Last week was the worst week for the stock market since the onset of the COVID-19 pandemic. The S&P 500 and Nasdaq Composite have declined 3.9% and 5.6%, respectively, over the past five trading days, and the Dow Jones Industrial Average has declined 2.1% over that period.
The markets are expected to remain under pressure in the near term due to worsening political tensions, an ongoing tech sell-off, and impending interest rate hikes. Therefore, investing in fundamentally sound dividend-paying stocks could be a good strategy now. Companies offering high dividends tend to have stronger cash flows and can provide investors with regular income while the stock market fluctuates. Therefore, these stocks tend to be less volatile and comparatively reliable.
Because the restaurant industry is expected to witness a solid rebound amid strong consumer spending, we think it could be wise to invest in renowned dividend-paying restaurant stocks Darden Restaurants, Inc. (DRI), Dine Brands Global, Inc. (DIN), and Ruth’s Hospitality Group, Inc. (RUTH), which have each suffered price dips lately.
Darden Restaurants, Inc. (DRI)
DRI in Orlando, Fla., owns and operates full-service restaurants in the U.S. and Canada. Darden’s family of restaurants features successful brands in full-service dining that includes Olive Garden, Cheddar’s Scratch Kitchen, Yard House, The Capital Grille, Seasons 52, Bahama Breeze, and Eddie V’s. The company owns more than 1,800 restaurants.
DRI’s net sales increased 37.2% year-over-year to $2.27 billion in its fiscal second quarter, ended Nov. 28, 2021. DRI’s earnings from continuing operations grew 99.6% year-over-year to $193.40 million. And its net earnings improved 101.3% year-over-year to $193.20 million. The company’s EPS increased 102.7% from its year-ago value to $1.48.
DRI pays $4.40 in dividends annually, yielding 3.2% on its current share price. The company’s dividends have increased at a 13.9% rate over the past five years.
A $2.55 billion consensus revenue estimate for the fiscal third quarter, ending Feb. 28, 2022, represents 47% year-over-year growth from the same period last year.
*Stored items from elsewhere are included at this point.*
text \<open>Pointwise, \<open>(p + q) min a b \<le> (p - 1) b + (q + 1) a\<close> for \<open>p \<ge> 1\<close>.\<close>
lemma card_mult_sum_min_le:
  fixes x :: "'a \<Rightarrow> real"
  assumes "finite J" "finite B" "J \<noteq> {}" "\<And>i. i \<in> J \<union> B \<Longrightarrow> 0 \<le> x i"
  shows "real (card J + card B) * (\<Sum>j\<in>J. x j + (\<Sum>i\<in>B. min (x i) (x j)))
    \<le> real (card J) * (real (card B) + 1) * (sum x J + sum x B)"
proof -
  define p q where "p = real (card J)" and "q = real (card B)"
  have "1 \<le> p" using assms(1,3) unfolding p_def by (simp add: Suc_le_eq card_gt_0_iff)
  have pointwise: "(p + q) * (x j + (\<Sum>i\<in>B. min (x i) (x j)))
      \<le> p * (q + 1) * x j + (q + 1) * sum x B" if "j \<in> J" for j
  proof -
    have "(p + q) * min (x i) (x j) \<le> (p - 1) * x j + (q + 1) * x i" if "i \<in> B" for i
    proof -
      have "(p - 1) * min (x i) (x j) \<le> (p - 1) * x j"
        using \<open>1 \<le> p\<close> by (intro mult_left_mono) auto
      moreover have "(q + 1) * min (x i) (x j) \<le> (q + 1) * x i"
        unfolding q_def by (intro mult_left_mono) auto
      ultimately show ?thesis by (simp add: algebra_simps)
    qed
    then have "(p + q) * (\<Sum>i\<in>B. min (x i) (x j)) \<le> (\<Sum>i\<in>B. (p - 1) * x j + (q + 1) * x i)"
      by (simp add: sum_distrib_left sum_mono)
    also have "\<dots> = q * (p - 1) * x j + (q + 1) * sum x B"
      unfolding q_def by (simp add: sum.distrib sum_distrib_left)
    finally show ?thesis by (simp add: algebra_simps)
  qed
  have "(p + q) * (\<Sum>j\<in>J. x j + (\<Sum>i\<in>B. min (x i) (x j)))
      \<le> (\<Sum>j\<in>J. p * (q + 1) * x j + (q + 1) * sum x B)"
    using pointwise by (simp add: sum_distrib_left sum_mono)
  also have "\<dots> = p * (q + 1) * sum x J + p * ((q + 1) * sum x B)"
    unfolding p_def by (simp add: sum.distrib sum_distrib_left)
  finally show ?thesis unfolding p_def q_def by (simp add: algebra_simps)
qed

lemma four_mul_le_square_bound:
  fixes p k :: nat
  assumes "1 \<le> p" "p \<le> k"
  shows "4 * real p * (real (k - p) + 1) \<le> real k ^ 2 + 2 * real k + real (k mod 2)"
proof (cases "even k")
  case True
  then obtain m where k: "k = 2 * m" by blast
  have "k mod 2 = 0" using True by simp
  have "0 \<le> (real p - real m) * (real p - real m - 1)"
    by (cases "p \<le> m") (auto intro: mult_nonpos_nonpos mult_nonneg_nonneg)
  then show ?thesis
    using assms \<open>k mod 2 = _\<close> unfolding k by (simp add: of_nat_diff algebra_simps power2_eq_square)
next
  case False
  then obtain m where k: "k = 2 * m + 1" using oddE by blast
  have "k mod 2 = 1" using False by presburger
  have "0 \<le> (real m + 1 - real p)^2" by simp
  then show ?thesis
    using assms \<open>k mod 2 = _\<close> unfolding k by (simp add: of_nat_diff algebra_simps power2_eq_square)
qed

lemma blo_factor_eq:
  assumes "1 \<le> k"
  shows "blo_factor k = 4 * real k / (real k ^ 2 + 2 * real k + real (k mod 2))"
  using assms unfolding blo_factor_def by (simp add: field_simps power2_eq_square)

lemma blo_factor_mult_sum_le_if_tight_cover:
  fixes x \<pi> :: "'a \<Rightarrow> real"
  assumes "finite W" "W \<noteq> {}" and x_nonneg: "\<And>i. i \<in> W \<Longrightarrow> 0 \<le> x i"
    and \<pi>_nonneg: "\<And>i. i \<in> W \<Longrightarrow> 0 \<le> \<pi> i" and "\<T> \<subseteq> Pow W"
    and tight: "\<And>T. T \<in> \<T> \<Longrightarrow> sum \<pi> T \<le> sum x T"
    and good: "\<And>i. i \<in> W \<Longrightarrow> \<exists>T\<in>\<T>. i \<in> T \<and> (\<forall>l\<in>T. x l \<le> x i)"
  shows "blo_factor (card W) * sum \<pi> W \<le> sum x W"
proof -
  have "finite \<T>" using \<open>finite W\<close> \<open>\<T> \<subseteq> Pow W\<close> by (meson finite_Pow_iff finite_subset)
  then obtain J f where "independent_cover x \<T> W J f"
    using independent_cover_exists[OF _ \<open>finite W\<close> good] by blast
  then have J: "J \<subseteq> W" "W \<subseteq> (\<Union>j\<in>J. f j)"
    and f: "\<And>j. j \<in> J \<Longrightarrow> f j \<in> \<T> \<and> j \<in> f j \<and> (\<forall>l\<in>f j. x l \<le> x j)"
    and indep: "\<And>j j'. j \<in> J \<Longrightarrow> j' \<in> J \<Longrightarrow> j \<noteq> j' \<Longrightarrow> j' \<notin> f j"
    unfolding independent_cover_def by blast+
  have f_W: "f j \<subseteq> W" if "j \<in> J" for j using f[OF that] \<open>\<T> \<subseteq> Pow W\<close> by blast
  define B where "B = W - J"
  define D where "D = real (card W) ^ 2 + 2 * real (card W) + real (card W mod 2)"
  have "finite J" using \<open>finite W\<close> J(1) by (rule rev_finite_subset)
  have "finite B" using \<open>finite W\<close> unfolding B_def by simp
  have f_finite: "finite (f j)" if "j \<in> J" for j using \<open>finite W\<close> f_W[OF that] by (rule rev_finite_subset)
  have "J \<noteq> {}" using J(2) \<open>W \<noteq> {}\<close> by blast
  have sum_f: "sum x (f j) \<le> x j + (\<Sum>i\<in>B. min (x i) (x j))" if "j \<in> J" for j
  proof -
    have "sum x (f j) = x j + sum x (f j - {j})" using f[OF that] f_finite[OF that] by (simp add: sum.remove)
    also have "sum x (f j - {j}) = (\<Sum>i\<in>f j - {j}. min (x i) (x j))"
      using f[OF that] by (intro sum.cong) auto
    also have "\<dots> \<le> (\<Sum>i\<in>B. min (x i) (x j))"
    proof (rule sum_mono2[OF \<open>finite B\<close>])
      show "f j - {j} \<subseteq> B" using f_W[OF that] indep[OF that] unfolding B_def by blast
      show "0 \<le> min (x i) (x j)" if "i \<in> B - (f j - {j})" for i
        using x_nonneg J(1) \<open>j \<in> J\<close> that unfolding B_def by auto
    qed
    finally show ?thesis by simp
  qed
  have "sum \<pi> W \<le> (\<Sum>j\<in>J. sum \<pi> (f j))"
    using J(2) f_W \<pi>_nonneg by (intro sum_le_sum_over_cover[OF \<open>finite J\<close> f_finite]) auto
  also have "\<dots> \<le> (\<Sum>j\<in>J. x j + (\<Sum>i\<in>B. min (x i) (x j)))"
    using tight f sum_f by (intro sum_mono) (meson order_trans)
  finally have "sum \<pi> W \<le> (\<Sum>j\<in>J. x j + (\<Sum>i\<in>B. min (x i) (x j)))" .
  moreover have "card W = card J + card B" "sum x W = sum x J + sum x B"
    using card_Diff_subset[OF \<open>finite J\<close> J(1)] card_mono[OF \<open>finite W\<close> J(1)]
      sum.subset_diff[OF J(1) \<open>finite W\<close>, of x]
    unfolding B_def by auto
  ultimately have "real (card W) * sum \<pi> W
      \<le> real (card J + card B) * (\<Sum>j\<in>J. x j + (\<Sum>i\<in>B. min (x i) (x j)))"
    by (simp add: mult_left_mono)
  also have "\<dots> \<le> real (card J) * (real (card B) + 1) * sum x W"
    unfolding \<open>sum x W = _\<close>
    by (rule card_mult_sum_min_le[OF \<open>finite J\<close> \<open>finite B\<close> \<open>J \<noteq> {}\<close>])
      (use x_nonneg J(1) in \<open>auto simp: B_def\<close>)
  also have "\<dots> \<le> (real (card W) ^ 2 + 2 * real (card W) + real (card W mod 2)) / 4 * sum x W"
  proof (rule mult_right_mono)
    have "1 \<le> card J" "card J \<le> card W"
      using \<open>finite J\<close> \<open>J \<noteq> {}\<close> J(1) \<open>finite W\<close> by (auto simp: Suc_le_eq card_gt_0_iff card_mono)
    from four_mul_le_square_bound[OF this] \<open>card W = card J + card B\<close>
    show "real (card J) * (real (card B) + 1) \<le> (real (card W) ^ 2 + 2 * real (card W) + real (card W mod 2)) / 4"
      by simp
    show "0 \<le> sum x W" using x_nonneg by (simp add: sum_nonneg)
  qed
  finally have bound: "real (card W) * sum \<pi> W \<le> D / 4 * sum x W"
    unfolding D_def .
  have "1 \<le> card W" using \<open>finite W\<close> \<open>W \<noteq> {}\<close> by (simp add: Suc_le_eq card_gt_0_iff)
  then have "0 < D" unfolding D_def by (simp add: add_pos_nonneg)
  have "blo_factor (card W) * sum \<pi> W = 4 * (real (card W) * sum \<pi> W) / D"
    using blo_factor_eq[OF \<open>1 \<le> card W\<close>] unfolding D_def by simp
  also have "\<dots> \<le> sum x W" using bound \<open>0 < D\<close> by (simp add: pos_divide_le_eq algebra_simps)
  finally show ?thesis .
qed

lemma core_sum_eq_sum_winners:
  assumes "is_CA n M v" "opt_alloc n M v a" "\<pi> \<in> core n M v" "A \<subseteq> bidders n"
  shows "sum \<pi> A = sum \<pi> (A \<inter> winners n a)"
proof (rule sum.mono_neutral_right)
  show "finite A" using assms(4) by (rule finite_subset) simp
  show "\<forall>i\<in>A - A \<inter> winners n a. \<pi> i = 0"
  proof
    fix i assume i: "i \<in> A - A \<inter> winners n a"
    then have "i \<in> bidders n" "a i = {}" using assms(4) unfolding winners_def by auto
    moreover have "v i {} = 0" using assms(1) \<open>i \<in> bidders n\<close> unfolding is_CA_def by simp
    ultimately show "\<pi> i = 0" using core_payment_eq_0_if_value_0[OF assms(1-3)] by simp
  qed
qed auto

text \<open>The tight coalitions of the BLO outcome, restricted to the winners, cover every winner
  from above, and every core vector pays at most \<open>x\<close> on each of them.\<close>
theorem BLO_revenue_ge_blo_factor_mult_core:
  assumes CA: "is_CA n M v" and opt: "opt_alloc n M v a" and "winners n a \<noteq> {}"
    and BLO: "is_BLO n M v x" and \<pi>: "\<pi> \<in> core n M v"
  shows "blo_factor (card (winners n a)) * (\<Sum>i\<in>bidders n. \<pi> i) \<le> (\<Sum>i\<in>bidders n. x i)"
proof -
  let ?N = "bidders n" and ?W = "winners n a"
  let ?tight = "\<lambda>S. S \<subseteq> ?N \<and> (\<Sum>i\<in>?N - S. x i) = wval M v ?N - wval M v S"
  have x: "x \<in> core n M v" using BLO unfolding is_BLO_def by simp
  have W_N: "?W \<subseteq> ?N" unfolding winners_def by auto
  have sum_W: "sum y (?N - S) = sum y ((?N - S) \<inter> ?W)" if "y \<in> core n M v" for y S
    using core_sum_eq_sum_winners[OF CA opt that] by blast
  have "blo_factor (card ?W) * sum \<pi> ?W \<le> sum x ?W"
  proof (rule blo_factor_mult_sum_le_if_tight_cover)
    show "finite ?W" using W_N by (rule finite_subset) simp
    show "?W \<noteq> {}" by fact
    show "0 \<le> x i" "0 \<le> \<pi> i" if "i \<in> ?W" for i
      using x \<pi> that W_N unfolding core_def by auto
    show "{(?N - S) \<inter> ?W | S. ?tight S} \<subseteq> Pow ?W" by blast
    show "sum \<pi> T \<le> sum x T" if T: "T \<in> {(?N - S) \<inter> ?W | S. ?tight S}" for T
    proof -
      obtain S where S: "T = (?N - S) \<inter> ?W" "?tight S" using T by blast
      then have "sum \<pi> (?N - S) \<le> sum x (?N - S)" using \<pi> unfolding core_def by auto
      then show ?thesis using sum_W[OF \<pi>] sum_W[OF x] S(1) by simp
    qed
    show "\<exists>T\<in>{(?N - S) \<inter> ?W | S. ?tight S}. i \<in> T \<and> (\<forall>l\<in>T. x l \<le> x i)" if i: "i \<in> ?W" for i
    proof -
      have "i \<in> ?N" using i W_N by blast
      obtain S where S: "S \<subseteq> ?N" "i \<notin> S"
        "(\<Sum>l\<in>?N - S. x l) = wval M v ?N - wval M v S" "\<forall>l\<in>?N - S. x l \<le> x i"
        using BLO_tight_coalition[OF BLO \<open>i \<in> ?N\<close>] by blast
      have "(?N - S) \<inter> ?W \<in> {(?N - S) \<inter> ?W | S. ?tight S}" using S(1,3) by blast
      moreover have "i \<in> (?N - S) \<inter> ?W" using i S(2) W_N by blast
      moreover have "\<forall>l\<in>(?N - S) \<inter> ?W. x l \<le> x i" using S(4) by blast
      ultimately show ?thesis by blast
    qed
  qed
  moreover have "sum y ?N = sum y ?W" if "y \<in> core n M v" for y
    using core_sum_eq_sum_winners[OF CA opt that, of ?N] W_N by (simp add: Int_absorb1)
  ultimately show ?thesis using x \<pi> by simp
qed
A $2.14 consensus EPS estimate for its fiscal third quarter indicates 118.6% year-over-year growth from the same period in 2021. And DRI has an impressive earnings surprise history; it surpassed the consensus EPS estimates in each of all the trailing four quarters.
Over the past month, the stock has declined 7.6% in price to close the last trading session at $137.50.
DRI’s POWR Ratings reflect this promising outlook. The company has an overall B rating, which translates to Buy in our proprietary rating system. The POWR Ratings assess stocks by 118 distinct factors, each with its own weighting.
DRI has a B grade for Growth and Quality. Within the B-rated Restaurants industry, it is ranked #10 of 44 stocks. To see additional POWR Ratings (Momentum, Value, Stability, and Sentiment) for DRI, click here.
Dine Brands Global, Inc. (DIN)
DIN in Glendale, Calif., is a leading full-service dining company that owns, franchises, and operates restaurants internationally. The company is the franchisor of Applebee’s Grill+Bar and IHOP. It operates in five segments: Applebee’s Franchise Operations; IHOP Franchise Operations; Rental Operations; Financing Operations; and Company-Operated Restaurant Operations. It owns and operates more than 3500 franchise restaurants across 17 countries.
This month, DIN announced plans to open the first IHOP restaurant in Nassau, the Bahamas. It is scheduled to open in late 2022. Regarding this, DIN Regional VP of Franchise Operations William Urrego said, “The Caribbean is an important growth market for Dine Brands, and [its] well-developed tourism infrastructure and recent large-scale hotel and resort investments, as well as shopping center developments, help position it as the perfect location for IHOP’s first restaurant in the Island.”
In November, DIN announced its first virtual IHOP location in Toronto, Canada, in partnership with Ghost Kitchens Brands. Given the rising popularity of off-premises dining, the virtual IHOP is expected to rake in substantial revenues through on-site ordering, takeout, and delivery.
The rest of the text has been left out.